There's a huge difference between Python and D, though. Python (and its proponents) were targeting amateurs. It will be hard to find a (natural science / tech) student nowadays who hasn't dabbled in Python. So the audience is huge. But D is targeting hard core programmers, and they are naturally much harder to convince, because they know exactly what they want, and what they want it for. If you don't have a convincing "story" (as Paulo said), you're out. (Python on the other hand doesn't need a convincing story, it's used for throw-away scripts and it gives millions of people the feeling that they are "programmers".) What D needs is focus and consistency. Simple as.
September 26, 2019
On Thursday, 26 September 2019 at 13:42:47 UTC, Chris wrote:

> There's a huge difference between Python and D, though. Python (and its proponents) were targeting amateurs. It will be hard to find a (natural science / tech) student nowadays who hasn't dabbled in Python. So the audience is huge. But D is targeting hard core programmers, and they are naturally much harder to convince, because they know exactly what they want, and what they want it for. If you don't have a convincing "story" (as Paulo said), you're out. (Python on the other hand doesn't need a convincing story, it's used for throw-away scripts and it gives millions of people the feeling that they are "programmers".) What D needs is focus and consistency. Simple as.

Programmers are obsolete. AI is coming for them.

September 26, 2019
On Thursday, 26 September 2019 at 13:42:47 UTC, Chris wrote:


> (Python on the other hand doesn't need a convincing story, it's used for throw-away scripts and it gives millions of people the feeling that they are "programmers".) What D needs is focus and consistency. Simple as.
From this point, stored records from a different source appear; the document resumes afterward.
(* The triple $(\mathbb{G}, \varepsilon, (\cdot)^* )$ is a comonad in Kleisli form on the category of $\sigma$-structures, i.e. the following equations hold (for all $\sigma$-structures $\mathcal{A}$ and homomorphisms $f : \mathbb{G}\mathcal{A} \to \mathcal{B}$, $g : \mathbb{G}\mathcal{B} \to \mathcal{C}$): \[ \varepsilon_{\mathcal{A}}^* = \mathsf{id}_{\mathbb{G} \mathcal{A}}, \qquad \varepsilon \circ f^* = f, \qquad (g \circ f^* )^* = g^* \circ f^* . \]
   Context: Fix a relational vocabulary $\sigma$ and a notion of guarding $\mathfrak{g}$ (atom, loose, or clique guards). A subset $X$ of a $\sigma$-structure $\mathcal{A}$ is $\mathfrak{g}$-guarded if it is contained in the support of a tuple $\vec{a}$ with $\mathcal{A} \models G(\vec{a})$ for some $\mathfrak{g}$-guard $G$. A play is a non-empty list $p = [U_1,\ldots,U_n]$ of $\mathfrak{g}$-guarded sets of $\mathcal{A}$, with last element $\lambda(p) = U_n$; plays are ordered by the prefix order $\sqsubseteq$. A focussed play is a pair $\langle p, a\rangle$ with $a \in \lambda(p)$. Define $\langle p, a\rangle \sim \langle q, a'\rangle$ iff $a = a'$, the greatest common prefix $p \sqcap q$ is non-empty, and $a$ belongs to $\lambda(u)$ for every $u \in [p\sqcap q, p] \cup [p \sqcap q, q]$. Write $[p,a]$ for the $\sim$-equivalence class of $\langle p, a\rangle$. The structure $\mathbb{G}\mathcal{A}$ (written $\mathbb{G}^{\mathfrak{g}}\mathcal{A}$ when the guard type matters) has universe the set of these classes, and $R^{\mathbb{G}\mathcal{A}} = \{([p,a_1],\ldots,[p,a_r]) \mid R^{\mathcal{A}}(a_1,\ldots,a_r)\}$. The counit $\varepsilon_{\mathcal{A}} : \mathbb{G}\mathcal{A} \to \mathcal{A}$ is $\varepsilon_{\mathcal{A}}([p,a]) = a$. For a homomorphism $h : \mathbb{G}\mathcal{A} \to \mathcal{B}$, its coextension $h^* : \mathbb{G}\mathcal{A} \to \mathbb{G}\mathcal{B}$ is $h^*([[U_1,\ldots,U_n],a]) = [[V_1,\ldots,V_n], h([[U_1,\ldots,U_n],a])]$, where $V_j = \{ h([[U_1,\ldots,U_j], b]) \mid b \in U_j\}$ for $1 \le j \le n$. *)

theory Defs
  imports Main "HOL-Library.Sublist"
begin

text \<open>A vocabulary sigma is given by a type of relation symbols 'r together with an
  arity function ar. A structure has a universe and an interpretation of each symbol
  as a set of tuples (lists).\<close>

record ('a, 'r) struct =
  univ :: "'a set"
  rel  :: "'r \<Rightarrow> 'a list set"

definition sigma_struct :: "('r \<Rightarrow> nat) \<Rightarrow> ('a, 'r) struct \<Rightarrow> bool" where
  "sigma_struct ar A \<longleftrightarrow>
     (\<forall>R. \<forall>t\<in>rel A R. length t = ar R \<and> set t \<subseteq> univ A)"

definition hom :: "('a, 'r) struct \<Rightarrow> ('b, 'r) struct \<Rightarrow> ('a \<Rightarrow> 'b) \<Rightarrow> bool" where
  "hom A B h \<longleftrightarrow>
     (\<forall>x\<in>univ A. h x \<in> univ B) \<and> (\<forall>R. \<forall>t\<in>rel A R. map h t \<in> rel B R)"

datatype 'r gatom = RelA 'r "nat list" | EqA nat nat

fun avars :: "'r gatom \<Rightarrow> nat set" where
  "avars (RelA R xs) = set xs"
| "avars (EqA i j) = {i, j}"

fun aholds :: "('a, 'r) struct \<Rightarrow> (nat \<Rightarrow> 'a) \<Rightarrow> 'r gatom \<Rightarrow> bool" where
  "aholds A v (RelA R xs) \<longleftrightarrow> map v xs \<in> rel A R"
| "aholds A v (EqA i j) \<longleftrightarrow> v i = v j"

text \<open>A guard formula: exists (variables not among 0..<gfree) . conjunction of atoms.
  The free variables are 0, ..., gfree - 1 (the tuple x-bar of G(x-bar)).\<close>

record 'r guard =
  gatoms :: "'r gatom list"
  gfree  :: nat

definition gvars :: "'r guard \<Rightarrow> nat set" where
  "gvars G = (\<Union>\<alpha>\<in>set (gatoms G). avars \<alpha>)"

definition well_typed_guard :: "('r \<Rightarrow> nat) \<Rightarrow> 'r guard \<Rightarrow> bool" where
  "well_typed_guard ar G \<longleftrightarrow>
     gatoms G \<noteq> [] \<and>
     (\<forall>R xs. RelA R xs \<in> set (gatoms G) \<longrightarrow> length xs = ar R) \<and>
     {0..<gfree G} \<subseteq> gvars G"

definition cooccur :: "'r guard \<Rightarrow> bool" where
  "cooccur G \<longleftrightarrow>
     (\<forall>i<gfree G. \<forall>j<gfree G. \<exists>\<alpha>\<in>set (gatoms G). {i, j} \<subseteq> avars \<alpha>)"

datatype guard_kind = AtomG | LooseG | CliqueG

fun is_guard :: "('r \<Rightarrow> nat) \<Rightarrow> guard_kind \<Rightarrow> 'r guard \<Rightarrow> bool" where
  "is_guard ar AtomG G \<longleftrightarrow>
     well_typed_guard ar G \<and> length (gatoms G) = 1 \<and> gvars G = {0..<gfree G}"
| "is_guard ar LooseG G \<longleftrightarrow>
     well_typed_guard ar G \<and> gvars G = {0..<gfree G} \<and> cooccur G"
| "is_guard ar CliqueG G \<longleftrightarrow>
     well_typed_guard ar G \<and> cooccur G"

definition sat_guard :: "('a, 'r) struct \<Rightarrow> 'r guard \<Rightarrow> 'a list \<Rightarrow> bool" where
  "sat_guard A G as \<longleftrightarrow>
     length as = gfree G \<and>
     (\<exists>v. (\<forall>i<gfree G. v i = as ! i) \<and> (\<forall>i\<in>gvars G. v i \<in> univ A) \<and>
          (\<forall>\<alpha>\<in>set (gatoms G). aholds A v \<alpha>))"

definition guarded :: "('r \<Rightarrow> nat) \<Rightarrow> guard_kind \<Rightarrow> ('a, 'r) struct \<Rightarrow> 'a set \<Rightarrow> bool" where
  "guarded ar k A X \<longleftrightarrow>
     (\<exists>G as. is_guard ar k G \<and> sat_guard A G as \<and> X \<subseteq> set as)"

definition plays :: "('r \<Rightarrow> nat) \<Rightarrow> guard_kind \<Rightarrow> ('a, 'r) struct \<Rightarrow> 'a set list set" where
  "plays ar k A = {p. p \<noteq> [] \<and> (\<forall>U\<in>set p. guarded ar k A U)}"

definition fplays :: "('r \<Rightarrow> nat) \<Rightarrow> guard_kind \<Rightarrow> ('a, 'r) struct \<Rightarrow> ('a set list \<times> 'a) set" where
  "fplays ar k A = {(p, a). p \<in> plays ar k A \<and> a \<in> last p}"

definition sim :: "('r \<Rightarrow> nat) \<Rightarrow> guard_kind \<Rightarrow> ('a, 'r) struct
                   \<Rightarrow> (('a set list \<times> 'a) \<times> ('a set list \<times> 'a)) set" where
  "sim ar k A = {((p, a), (q, b)).
      (p, a) \<in> fplays ar k A \<and> (q, b) \<in> fplays ar k A \<and> a = b \<and>
      longest_common_prefix p q \<noteq> [] \<and>
      (\<forall>u. prefix (longest_common_prefix p q) u \<and> (prefix u p \<or> prefix u q)
            \<longrightarrow> a \<in> last u)}"

definition cls :: "('r \<Rightarrow> nat) \<Rightarrow> guard_kind \<Rightarrow> ('a, 'r) struct
                   \<Rightarrow> 'a set list \<times> 'a \<Rightarrow> ('a set list \<times> 'a) set" where
  "cls ar k A pa = sim ar k A `` {pa}"

definition Gstruct :: "('r \<Rightarrow> nat) \<Rightarrow> guard_kind \<Rightarrow> ('a, 'r) struct
                       \<Rightarrow> (('a set list \<times> 'a) set, 'r) struct" where
  "Gstruct ar k A =
     \<lparr> univ = fplays ar k A // sim ar k A,
       rel = (\<lambda>R. {map (\<lambda>a. cls ar k A (p, a)) as | p as.
                      p \<in> plays ar k A \<and> as \<in> rel A R \<and> set as \<subseteq> last p}) \<rparr>"

definition counit :: "('a set list \<times> 'a) set \<Rightarrow> 'a" where
  "counit x = snd (SOME y. y \<in> x)"

definition coext :: "('r \<Rightarrow> nat) \<Rightarrow> guard_kind \<Rightarrow> ('a, 'r) struct \<Rightarrow> ('b, 'r) struct
                     \<Rightarrow> (('a set list \<times> 'a) set \<Rightarrow> 'b)
                     \<Rightarrow> ('a set list \<times> 'a) set \<Rightarrow> ('b set list \<times> 'b) set" where
  "coext ar k A B h x =
     (let (p, a) = (SOME y. y \<in> x)
      in cls ar k B
           (map (\<lambda>j. (\<lambda>b. h (cls ar k A (take (Suc j) p, b))) ` (p ! j)) [0..<length p],
            h (cls ar k A (p, a))))"

end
Python is also used for a lot of "real" programming tasks these days. D is perfectly suited for scripts of 200 lines. Moderate-sized programs typically start as small scripts and grow over time. You don't have to convince anyone to switch languages if they start out with D. Neither Walter or Andrei has a scripting background, rather they are from the large-scale enterprise software world, and that led to the current emphasis on that segment. There's no reason the community can't pick up the ball and carry it into other arenas.
September 27, 2019
On Thursday, 26 September 2019 at 16:04:18 UTC, bachmeier wrote:
> On Thursday, 26 September 2019 at 13:42:47 UTC, Chris wrote:
>
>
>> (Python on the other hand doesn't need a convincing story, it's used for throw-away scripts and it gives millions of people the feeling that they are "programmers".) What D needs is focus and consistency. Simple as.
>
> Python is also used for a lot of "real" programming tasks these days. D is perfectly suited for scripts of 200 lines. Moderate-sized programs typically start as small scripts and grow over time. You don't have to convince anyone to switch languages if they start out with D. Neither Walter or Andrei has a scripting background, rather they are from the large-scale enterprise software world, and that led to the current emphasis on that segment. There's no reason the community can't pick up the ball and carry it into other arenas.

Just to add to this, IMO D is far better than Python for scripting type tasks. At work, I write all my scripts in D unless it's prohibitively difficult to do so.